Saved entries:
(* Fix positive integers $r,n,k$ and consider $\mathbb{C}^{rn}$ with a fixed basis indexed by $[r]\times[n]$. Let the torus $T=(\mathbb{C}^* )^n$ act on $\mathbb{C}^{rn}$ by letting $\mathbf{t}=(t_1,\dots,t_n)$ multiply the $(i,j)$-th coordinate by $t_j$, and consider the induced action on the Grassmannian $G(k,rn)$ of $k$-dimensional subspaces of $\mathbb{C}^{rn}$, embedded in $\mathbb{P}(\bigwedge^k\mathbb{C}^{rn})$ by the Plücker embedding. Let $p\in G(k,rn)$ and let $\mathcal{M}$ be the polymatroid associated with $p$. Then the lattice polytope representing the projective toric variety $\overline{Tp}$ is isomorphic to the base polytope of $\mathcal{M}$.
   Context: A polymatroid on a finite set $E$ is given by a rank function $r:\mathcal{P}(E)\to\mathbb{Z}_{\ge0}$ with $r(\emptyset)=0$, $r$ monotone ($Y\subseteq X\Rightarrow r(Y)\le r(X)$) and submodular ($r(X\cup Y)+r(X\cap Y)\le r(X)+r(Y)$). Its base polytope is $\{x\in\mathbb{R}_{\ge0}^E: x\cdot\mathbf{e}_U\le r(U)\ \forall U\subseteq E,\ x\cdot\mathbf{e}_E=r(E)\}$, where $\mathbf{e}_U$ is the indicator vector of $U$. The polymatroid associated with $p$: represent $p$ by a full-rank $k\times rn$ matrix $A$ whose rows span the subspace $p$; for $j\in[n]$ let $W_j\subseteq\mathbb{C}^k$ be the span of the $r$ columns of $A$ indexed by $(i,j)$, $i\in[r]$; then $\mathcal{M}$ is the polymatroid on $[n]$ with rank function $r(S)=\dim\sum_{j\in S}W_j$ (independent of the choice of $A$). The lattice polytope representing a projective toric variety given as the closure of a torus orbit parameterised by monomials is the convex hull of the exponent vectors of those monomials. *)

theory Defs
  imports "Jordan_Normal_Form.DL_Rank" "Jordan_Normal_Form.DL_Submatrix" "Jordan_Normal_Form.Determinant"
begin

text \<open>Coordinates of C^(rn) are indexed by pairs (i,j) in [r] x [n]; we encode the
  pair (i,j) (0-based, i < r, j < n) as the column index r*j + i of a k x rn matrix.\<close>
definition col_idx :: "nat \<Rightarrow> nat \<Rightarrow> nat \<Rightarrow> nat" where
  "col_idx r i j = r * j + i"

definition pluecker :: "complex mat \<Rightarrow> nat set \<Rightarrow> complex" where
  "pluecker A J = det (submatrix A UNIV J)"

text \<open>Exponent of t in the torus action on the Pluecker coordinate p_J:
  t multiplies e_J by prod_j t_j^(number of i with (i,j) in J).  Points of R^n are
  represented as functions nat => real vanishing outside {..<n}.\<close>
definition torus_weight :: "nat \<Rightarrow> nat \<Rightarrow> nat set \<Rightarrow> (nat \<Rightarrow> real)" where
  "torus_weight r n J = (\<lambda>j. if j < n then real (card {i. i < r \<and> col_idx r i j \<in> J}) else 0)"

text \<open>Exponent vectors of the monomials parametrising the orbit closure of p = rowspace A
  in the Pluecker embedding: t \<mapsto> [t^(w(J)) p_J]_J, only nonzero coordinates matter.\<close>
definition orbit_exponents :: "nat \<Rightarrow> nat \<Rightarrow> nat \<Rightarrow> complex mat \<Rightarrow> (nat \<Rightarrow> real) set" where
  "orbit_exponents r n k A =
     {torus_weight r n J | J. J \<subseteq> {..< r * n} \<and> card J = k \<and> pluecker A J \<noteq> 0}"

definition conv_hull :: "nat \<Rightarrow> (nat \<Rightarrow> real) set \<Rightarrow> (nat \<Rightarrow> real) set" where
  "conv_hull n S = {x. \<exists>P c. finite P \<and> P \<subseteq> S \<and> (\<forall>p\<in>P. c p \<ge> 0) \<and> (\<Sum>p\<in>P. c p) = 1 \<and>
                         x = (\<lambda>j. \<Sum>p\<in>P. c p * p j)}"

definition orbit_polytope :: "nat \<Rightarrow> nat \<Rightarrow> nat \<Rightarrow> complex mat \<Rightarrow> (nat \<Rightarrow> real) set" where
  "orbit_polytope r n k A = conv_hull n (orbit_exponents r n k A)"

text \<open>Rank function of the polymatroid associated with p = rowspace A:
  r(S) = dim (sum_{j in S} W_j), W_j the span of the columns (i,j), i in [r];
  the sum of the W_j is the span of all these columns, i.e. the column space of the
  submatrix formed by them.\<close>
definition pm_rank :: "nat \<Rightarrow> nat \<Rightarrow> complex mat \<Rightarrow> nat set \<Rightarrow> nat" where
  "pm_rank r k A S = vec_space.rank k (submatrix A UNIV {col_idx r i j | i j. i < r \<and> j \<in> S})"

definition base_polytope :: "nat \<Rightarrow> (nat set \<Rightarrow> nat) \<Rightarrow> (nat \<Rightarrow> real) set" where
  "base_polytope n rk = {x. (\<forall>j. n \<le> j \<longrightarrow> x j = 0) \<and> (\<forall>j<n. 0 \<le> x j) \<and>
      (\<forall>U. U \<subseteq> {..<n} \<longrightarrow> (\<Sum>j\<in>U. x j) \<le> real (rk U)) \<and>
      (\<Sum>j<n. x j) = real (rk {..<n})}"

text \<open>Isomorphism of lattice polytopes in R^n (lattice Z^n): related by an affine
  lattice automorphism x \<mapsto> Lx + b with L in GL_n(Z) and b in Z^n.\<close>
definition lattice_iso :: "nat \<Rightarrow> (nat \<Rightarrow> real) set \<Rightarrow> (nat \<Rightarrow> real) set \<Rightarrow> bool" where
  "lattice_iso n P Q \<longleftrightarrow> (\<exists>(L::nat \<Rightarrow> nat \<Rightarrow> int) (M::nat \<Rightarrow> nat \<Rightarrow> int) (b::nat \<Rightarrow> int).
      (\<forall>i<n. \<forall>l<n. (\<Sum>j<n. L i j * M j l) = (if i = l then 1 else 0)) \<and>
      (\<forall>i<n. \<forall>l<n. (\<Sum>j<n. M i j * L j l) = (if i = l then 1 else 0)) \<and>
      (\<lambda>x. \<lambda>i. if i < n then (\<Sum>j<n. of_int (L i j) * x j) + of_int (b i) else 0) ` P = Q)"
lemma admissible_mom_eq_on_face:
  assumes "a \<in> admissible G r" "(s, t) \<in> face_rel"
  shows "mom r a s = mom r a t"
  using assms(2) unfolding face_rel_def
  by (induction rule: rtrancl_induct) (auto dest: admissible_mom_eq_if_adj[OF assms(1)])

definition face_mom :: "nat \<Rightarrow> attribution \<Rightarrow> slot set \<Rightarrow> nat" where
  "face_mom r a f = mom r a (SOME s. s \<in> f)"

lemma face_mom_slot_face:
  assumes "a \<in> admissible G r"
  shows "face_mom r a (slot_face s) = mom r a s"
proof -
  have "(SOME t. t \<in> slot_face s) \<in> slot_face s"
    using in_slot_face by (rule someI)
  then show ?thesis
    unfolding face_mom_def slot_face_def
    by (simp add: admissible_mom_eq_on_face[OF assms, symmetric])
qed

lemma admissible_E_aug_row:
  assumes "a \<in> admissible G r" "i \<in> insert 0 (wavy_rows G)"
  shows "(\<Sum>f\<in>faces G. E_aug i f * real (face_mom r a f)) = (if i = 0 then real r else 0)"
proof (cases "i = 0")
  case True
  then show ?thesis
    using face_mom_slot_face[OF assms(1), of "RS True"] by (simp add: E_aug_row_0 root_face_def)
next
  case False
  obtain S j k where a: "a = (S, j, k)" by (cases a)
  have "i \<in> vertices G" using assms(2) False wavy_rows_subset by auto
  with admissibleD(2)[OF assms(1)[unfolded a]] have "j i \<le> S i" "k i \<le> S i" by auto
  with False \<open>i \<in> vertices G\<close> show ?thesis
    by (simp add: E_aug_eq_Emat Emat_row_dot face_mom_slot_face[OF assms(1)[unfolded a]] a of_nat_diff)
qed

DIRECTIONS: Please tally the lines of the entries that hold "forall" and give only the resulting number.

RESPONSE TO THIS TASK: 6